_What is needed_. Using the records below, give again exactly the lines from the line that contains "unfolding matrix_vector_mult_def w_def" through the line that contains "j) = (\<Sum>j\<in>UNIV.", both ends included, and only those.

_Supplied material_.
----------------

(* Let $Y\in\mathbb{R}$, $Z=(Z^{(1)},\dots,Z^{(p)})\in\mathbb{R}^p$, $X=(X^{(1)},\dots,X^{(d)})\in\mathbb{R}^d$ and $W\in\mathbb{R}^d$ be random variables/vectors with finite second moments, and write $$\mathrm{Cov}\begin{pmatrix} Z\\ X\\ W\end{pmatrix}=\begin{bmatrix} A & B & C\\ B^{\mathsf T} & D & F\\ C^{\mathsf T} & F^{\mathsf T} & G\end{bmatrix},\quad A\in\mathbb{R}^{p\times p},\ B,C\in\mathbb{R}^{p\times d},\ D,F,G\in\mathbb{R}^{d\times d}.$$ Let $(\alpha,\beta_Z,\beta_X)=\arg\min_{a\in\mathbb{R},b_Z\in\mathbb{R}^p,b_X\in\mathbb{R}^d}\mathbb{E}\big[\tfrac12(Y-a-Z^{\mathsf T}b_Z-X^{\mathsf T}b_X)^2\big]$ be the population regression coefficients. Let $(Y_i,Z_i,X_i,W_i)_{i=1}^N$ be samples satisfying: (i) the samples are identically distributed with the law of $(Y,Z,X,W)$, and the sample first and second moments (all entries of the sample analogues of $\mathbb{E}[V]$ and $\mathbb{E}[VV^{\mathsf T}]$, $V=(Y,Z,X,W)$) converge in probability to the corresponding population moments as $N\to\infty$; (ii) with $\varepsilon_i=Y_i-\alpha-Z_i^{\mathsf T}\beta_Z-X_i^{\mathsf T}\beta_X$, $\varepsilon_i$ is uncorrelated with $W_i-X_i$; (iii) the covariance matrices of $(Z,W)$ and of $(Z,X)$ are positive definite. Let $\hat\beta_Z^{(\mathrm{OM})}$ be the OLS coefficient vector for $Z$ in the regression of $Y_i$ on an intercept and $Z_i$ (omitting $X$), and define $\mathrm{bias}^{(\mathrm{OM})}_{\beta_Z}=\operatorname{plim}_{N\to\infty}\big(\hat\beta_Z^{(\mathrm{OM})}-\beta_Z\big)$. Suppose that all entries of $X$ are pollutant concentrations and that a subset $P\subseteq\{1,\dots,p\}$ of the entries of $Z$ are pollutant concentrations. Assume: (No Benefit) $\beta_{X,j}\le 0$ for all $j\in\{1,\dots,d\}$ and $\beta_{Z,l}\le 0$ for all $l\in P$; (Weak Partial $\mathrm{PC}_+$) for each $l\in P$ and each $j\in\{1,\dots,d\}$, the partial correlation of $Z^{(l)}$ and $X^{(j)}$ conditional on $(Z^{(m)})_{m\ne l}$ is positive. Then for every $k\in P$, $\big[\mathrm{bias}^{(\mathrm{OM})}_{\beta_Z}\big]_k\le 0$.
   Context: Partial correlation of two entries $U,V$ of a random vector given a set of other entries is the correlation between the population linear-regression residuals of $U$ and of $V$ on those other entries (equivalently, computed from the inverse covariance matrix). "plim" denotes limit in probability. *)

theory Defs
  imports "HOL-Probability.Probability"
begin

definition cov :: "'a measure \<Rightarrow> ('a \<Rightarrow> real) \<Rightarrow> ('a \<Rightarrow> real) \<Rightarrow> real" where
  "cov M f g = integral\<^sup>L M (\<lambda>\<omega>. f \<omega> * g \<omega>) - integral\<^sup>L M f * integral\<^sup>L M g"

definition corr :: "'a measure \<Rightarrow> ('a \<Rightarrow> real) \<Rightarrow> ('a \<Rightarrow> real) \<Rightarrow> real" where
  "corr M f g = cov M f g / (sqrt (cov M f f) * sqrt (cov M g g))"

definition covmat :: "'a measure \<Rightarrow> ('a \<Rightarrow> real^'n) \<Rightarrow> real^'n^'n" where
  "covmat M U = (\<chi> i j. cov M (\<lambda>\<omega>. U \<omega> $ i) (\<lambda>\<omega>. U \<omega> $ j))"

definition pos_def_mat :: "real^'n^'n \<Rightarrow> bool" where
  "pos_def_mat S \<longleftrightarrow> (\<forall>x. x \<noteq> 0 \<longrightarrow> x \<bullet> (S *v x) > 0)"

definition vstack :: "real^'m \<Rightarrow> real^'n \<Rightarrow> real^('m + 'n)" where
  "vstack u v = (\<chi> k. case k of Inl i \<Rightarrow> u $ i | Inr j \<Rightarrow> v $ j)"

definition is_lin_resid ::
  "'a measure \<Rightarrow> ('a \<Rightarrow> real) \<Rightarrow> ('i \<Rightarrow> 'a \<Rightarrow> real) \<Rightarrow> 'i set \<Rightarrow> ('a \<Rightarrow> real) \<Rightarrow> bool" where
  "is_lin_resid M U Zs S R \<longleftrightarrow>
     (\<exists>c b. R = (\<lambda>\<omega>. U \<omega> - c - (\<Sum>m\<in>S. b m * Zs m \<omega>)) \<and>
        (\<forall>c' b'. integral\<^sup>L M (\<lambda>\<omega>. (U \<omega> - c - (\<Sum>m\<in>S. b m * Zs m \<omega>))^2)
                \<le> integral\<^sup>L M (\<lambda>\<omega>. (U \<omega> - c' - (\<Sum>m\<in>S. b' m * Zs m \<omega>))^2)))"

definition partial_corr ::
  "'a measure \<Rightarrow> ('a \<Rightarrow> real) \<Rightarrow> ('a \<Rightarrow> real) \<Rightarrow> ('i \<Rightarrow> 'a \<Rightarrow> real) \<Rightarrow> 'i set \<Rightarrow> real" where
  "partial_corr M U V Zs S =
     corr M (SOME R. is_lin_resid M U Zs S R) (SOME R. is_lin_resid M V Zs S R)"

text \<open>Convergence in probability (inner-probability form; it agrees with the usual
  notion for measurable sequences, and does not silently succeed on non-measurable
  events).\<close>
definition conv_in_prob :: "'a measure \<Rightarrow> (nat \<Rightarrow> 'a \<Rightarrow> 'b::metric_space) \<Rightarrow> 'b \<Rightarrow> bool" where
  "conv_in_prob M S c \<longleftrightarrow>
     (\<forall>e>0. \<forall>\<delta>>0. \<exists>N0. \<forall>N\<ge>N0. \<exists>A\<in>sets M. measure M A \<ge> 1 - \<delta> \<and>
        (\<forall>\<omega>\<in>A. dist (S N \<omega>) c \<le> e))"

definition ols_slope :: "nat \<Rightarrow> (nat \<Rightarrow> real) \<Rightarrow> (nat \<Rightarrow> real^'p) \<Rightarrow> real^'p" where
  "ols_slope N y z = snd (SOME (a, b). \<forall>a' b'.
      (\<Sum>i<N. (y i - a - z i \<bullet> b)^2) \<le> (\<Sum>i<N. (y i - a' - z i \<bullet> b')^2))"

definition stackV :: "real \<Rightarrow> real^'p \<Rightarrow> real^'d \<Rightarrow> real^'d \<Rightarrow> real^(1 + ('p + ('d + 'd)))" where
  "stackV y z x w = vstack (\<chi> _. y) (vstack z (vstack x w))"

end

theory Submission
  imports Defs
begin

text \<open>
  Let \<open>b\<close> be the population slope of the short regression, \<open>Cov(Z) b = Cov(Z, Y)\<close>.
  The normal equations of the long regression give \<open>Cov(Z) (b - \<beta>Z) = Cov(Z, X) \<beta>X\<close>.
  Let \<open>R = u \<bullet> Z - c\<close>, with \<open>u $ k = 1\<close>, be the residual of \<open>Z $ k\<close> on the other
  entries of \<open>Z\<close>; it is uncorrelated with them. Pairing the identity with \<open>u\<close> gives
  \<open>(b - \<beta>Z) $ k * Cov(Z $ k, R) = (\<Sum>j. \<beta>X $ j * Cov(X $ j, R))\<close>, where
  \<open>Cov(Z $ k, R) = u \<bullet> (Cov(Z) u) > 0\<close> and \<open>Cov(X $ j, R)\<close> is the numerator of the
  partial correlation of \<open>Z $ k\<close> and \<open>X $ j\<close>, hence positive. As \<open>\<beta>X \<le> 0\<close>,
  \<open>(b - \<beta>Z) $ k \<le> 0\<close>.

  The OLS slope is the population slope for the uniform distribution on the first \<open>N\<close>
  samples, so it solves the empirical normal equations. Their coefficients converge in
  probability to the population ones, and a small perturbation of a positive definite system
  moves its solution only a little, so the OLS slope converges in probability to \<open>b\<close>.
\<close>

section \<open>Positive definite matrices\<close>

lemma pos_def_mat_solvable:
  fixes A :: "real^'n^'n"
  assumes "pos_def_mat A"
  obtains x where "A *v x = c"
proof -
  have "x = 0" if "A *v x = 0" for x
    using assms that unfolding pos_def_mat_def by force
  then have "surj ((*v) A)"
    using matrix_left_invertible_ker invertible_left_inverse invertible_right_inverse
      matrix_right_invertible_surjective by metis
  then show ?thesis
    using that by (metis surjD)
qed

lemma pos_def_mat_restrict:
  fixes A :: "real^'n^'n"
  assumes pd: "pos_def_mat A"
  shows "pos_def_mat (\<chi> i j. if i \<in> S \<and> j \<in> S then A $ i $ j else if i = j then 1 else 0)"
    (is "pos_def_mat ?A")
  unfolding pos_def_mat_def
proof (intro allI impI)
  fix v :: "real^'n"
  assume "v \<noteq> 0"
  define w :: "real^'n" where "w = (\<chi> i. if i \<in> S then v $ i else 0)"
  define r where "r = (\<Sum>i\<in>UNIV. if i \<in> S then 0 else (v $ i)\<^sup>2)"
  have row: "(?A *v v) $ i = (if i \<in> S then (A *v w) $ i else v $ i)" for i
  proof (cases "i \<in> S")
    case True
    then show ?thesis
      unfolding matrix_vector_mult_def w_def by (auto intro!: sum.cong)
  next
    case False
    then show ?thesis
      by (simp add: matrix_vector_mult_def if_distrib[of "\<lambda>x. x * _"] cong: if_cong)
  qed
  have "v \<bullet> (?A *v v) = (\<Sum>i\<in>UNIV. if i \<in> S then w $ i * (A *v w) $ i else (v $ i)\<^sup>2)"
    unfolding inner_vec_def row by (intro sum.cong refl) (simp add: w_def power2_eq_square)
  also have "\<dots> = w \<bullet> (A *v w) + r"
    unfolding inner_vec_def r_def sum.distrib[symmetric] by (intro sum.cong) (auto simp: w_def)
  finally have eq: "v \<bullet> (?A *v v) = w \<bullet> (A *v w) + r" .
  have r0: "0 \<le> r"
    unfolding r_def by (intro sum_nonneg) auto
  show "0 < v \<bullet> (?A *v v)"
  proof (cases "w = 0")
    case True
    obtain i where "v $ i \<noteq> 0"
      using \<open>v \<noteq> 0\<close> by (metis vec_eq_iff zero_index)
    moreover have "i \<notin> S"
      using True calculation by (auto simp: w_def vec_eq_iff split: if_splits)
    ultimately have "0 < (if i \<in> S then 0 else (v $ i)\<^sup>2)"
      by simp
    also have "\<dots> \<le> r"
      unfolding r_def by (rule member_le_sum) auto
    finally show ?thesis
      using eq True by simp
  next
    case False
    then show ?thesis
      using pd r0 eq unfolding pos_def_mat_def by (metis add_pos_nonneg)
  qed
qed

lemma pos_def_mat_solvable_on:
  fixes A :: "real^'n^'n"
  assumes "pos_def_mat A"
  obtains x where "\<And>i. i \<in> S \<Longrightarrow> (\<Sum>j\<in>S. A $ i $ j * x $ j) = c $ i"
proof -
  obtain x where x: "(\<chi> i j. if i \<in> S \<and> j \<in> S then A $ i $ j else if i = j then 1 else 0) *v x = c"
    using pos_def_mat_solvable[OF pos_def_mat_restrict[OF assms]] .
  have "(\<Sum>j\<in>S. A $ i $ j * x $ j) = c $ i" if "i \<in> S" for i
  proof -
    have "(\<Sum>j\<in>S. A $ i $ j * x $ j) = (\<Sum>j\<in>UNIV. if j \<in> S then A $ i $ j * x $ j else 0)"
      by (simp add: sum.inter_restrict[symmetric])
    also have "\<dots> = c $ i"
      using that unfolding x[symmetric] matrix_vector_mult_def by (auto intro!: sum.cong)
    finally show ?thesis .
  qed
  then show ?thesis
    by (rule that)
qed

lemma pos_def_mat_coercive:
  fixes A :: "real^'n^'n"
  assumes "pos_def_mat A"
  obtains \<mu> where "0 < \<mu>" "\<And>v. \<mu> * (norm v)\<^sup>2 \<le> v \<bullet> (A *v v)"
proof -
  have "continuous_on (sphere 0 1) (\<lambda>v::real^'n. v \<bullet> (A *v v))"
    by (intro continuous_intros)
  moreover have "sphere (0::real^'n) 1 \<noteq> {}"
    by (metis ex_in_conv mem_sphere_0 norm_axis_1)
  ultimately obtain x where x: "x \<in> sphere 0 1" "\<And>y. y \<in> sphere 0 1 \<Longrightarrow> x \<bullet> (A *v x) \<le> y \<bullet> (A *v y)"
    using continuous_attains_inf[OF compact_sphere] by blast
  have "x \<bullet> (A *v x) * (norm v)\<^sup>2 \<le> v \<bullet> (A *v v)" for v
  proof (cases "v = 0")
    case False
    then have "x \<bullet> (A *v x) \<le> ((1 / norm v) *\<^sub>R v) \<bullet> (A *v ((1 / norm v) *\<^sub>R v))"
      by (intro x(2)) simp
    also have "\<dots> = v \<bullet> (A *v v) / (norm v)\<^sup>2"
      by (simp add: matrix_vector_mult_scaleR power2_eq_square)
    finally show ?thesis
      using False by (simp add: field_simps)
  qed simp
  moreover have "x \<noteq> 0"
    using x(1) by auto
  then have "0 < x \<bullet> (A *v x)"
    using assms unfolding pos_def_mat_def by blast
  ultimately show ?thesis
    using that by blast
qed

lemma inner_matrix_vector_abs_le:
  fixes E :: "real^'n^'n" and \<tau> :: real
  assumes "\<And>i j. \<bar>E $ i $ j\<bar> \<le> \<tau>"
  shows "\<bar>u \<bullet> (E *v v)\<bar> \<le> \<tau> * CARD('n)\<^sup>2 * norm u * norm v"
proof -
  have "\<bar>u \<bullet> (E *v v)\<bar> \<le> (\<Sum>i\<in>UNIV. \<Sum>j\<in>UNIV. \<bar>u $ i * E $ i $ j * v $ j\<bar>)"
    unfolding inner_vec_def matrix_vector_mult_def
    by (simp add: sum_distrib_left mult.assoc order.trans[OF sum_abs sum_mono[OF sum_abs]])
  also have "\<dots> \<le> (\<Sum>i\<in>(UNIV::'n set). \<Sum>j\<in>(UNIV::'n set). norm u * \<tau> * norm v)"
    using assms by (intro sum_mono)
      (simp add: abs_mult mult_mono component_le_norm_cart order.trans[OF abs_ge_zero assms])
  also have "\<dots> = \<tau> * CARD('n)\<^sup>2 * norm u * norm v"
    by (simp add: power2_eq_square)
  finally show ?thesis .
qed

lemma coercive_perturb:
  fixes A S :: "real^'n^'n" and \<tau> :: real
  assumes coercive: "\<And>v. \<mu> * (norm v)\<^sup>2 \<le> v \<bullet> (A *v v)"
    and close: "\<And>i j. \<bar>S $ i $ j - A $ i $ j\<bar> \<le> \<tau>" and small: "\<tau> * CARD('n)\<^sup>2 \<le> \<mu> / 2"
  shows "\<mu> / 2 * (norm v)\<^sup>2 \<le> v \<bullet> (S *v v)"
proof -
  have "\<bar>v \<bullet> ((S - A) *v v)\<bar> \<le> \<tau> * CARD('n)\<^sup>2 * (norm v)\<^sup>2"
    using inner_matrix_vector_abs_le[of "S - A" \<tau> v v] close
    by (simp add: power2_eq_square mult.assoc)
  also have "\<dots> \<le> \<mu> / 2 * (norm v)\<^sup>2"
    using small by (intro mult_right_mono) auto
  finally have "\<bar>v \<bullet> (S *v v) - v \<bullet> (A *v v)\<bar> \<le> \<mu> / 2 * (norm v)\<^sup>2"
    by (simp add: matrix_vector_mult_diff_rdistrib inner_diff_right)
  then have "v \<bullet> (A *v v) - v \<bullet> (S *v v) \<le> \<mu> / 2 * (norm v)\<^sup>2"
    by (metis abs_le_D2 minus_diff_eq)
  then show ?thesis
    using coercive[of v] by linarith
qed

----------------

_Solution to the problem_.
      unfolding matrix_vector_mult_def w_def by (auto intro!: sum.cong)
  next
    case False
    then show ?thesis
      by (simp add: matrix_vector_mult_def if_distrib[of "\<lambda>x. x * _"] cong: if_cong)
  qed
  have "v \<bullet> (?A *v v) = (\<Sum>i\<in>UNIV. if i \<in> S then w $ i * (A *v w) $ i else (v $ i)\<^sup>2)"
    unfolding inner_vec_def row by (intro sum.cong refl) (simp add: w_def power2_eq_square)
  also have "\<dots> = w \<bullet> (A *v w) + r"
    unfolding inner_vec_def r_def sum.distrib[symmetric] by (intro sum.cong) (auto simp: w_def)
  finally have eq: "v \<bullet> (?A *v v) = w \<bullet> (A *v w) + r" .
  have r0: "0 \<le> r"
    unfolding r_def by (intro sum_nonneg) auto
  show "0 < v \<bullet> (?A *v v)"
  proof (cases "w = 0")
    case True
    obtain i where "v $ i \<noteq> 0"
      using \<open>v \<noteq> 0\<close> by (metis vec_eq_iff zero_index)
    moreover have "i \<notin> S"
      using True calculation by (auto simp: w_def vec_eq_iff split: if_splits)
    ultimately have "0 < (if i \<in> S then 0 else (v $ i)\<^sup>2)"
      by simp
    also have "\<dots> \<le> r"
      unfolding r_def by (rule member_le_sum) auto
    finally show ?thesis
      using eq True by simp
  next
    case False
    then show ?thesis
      using pd r0 eq unfolding pos_def_mat_def by (metis add_pos_nonneg)
  qed
qed

lemma pos_def_mat_solvable_on:
  fixes A :: "real^'n^'n"
  assumes "pos_def_mat A"
  obtains x where "\<And>i. i \<in> S \<Longrightarrow> (\<Sum>j\<in>S. A $ i $ j * x $ j) = c $ i"
proof -
  obtain x where x: "(\<chi> i j. if i \<in> S \<and> j \<in> S then A $ i $ j else if i = j then 1 else 0) *v x = c"
    using pos_def_mat_solvable[OF pos_def_mat_restrict[OF assms]] .
  have "(\<Sum>j\<in>S. A $ i $ j * x $ j) = c $ i" if "i \<in> S" for i
  proof -
    have "(\<Sum>j\<in>S. A $ i $ j * x $ j) = (\<Sum>j\<in>UNIV. if j \<in> S then A $ i $ j * x $ j else 0)"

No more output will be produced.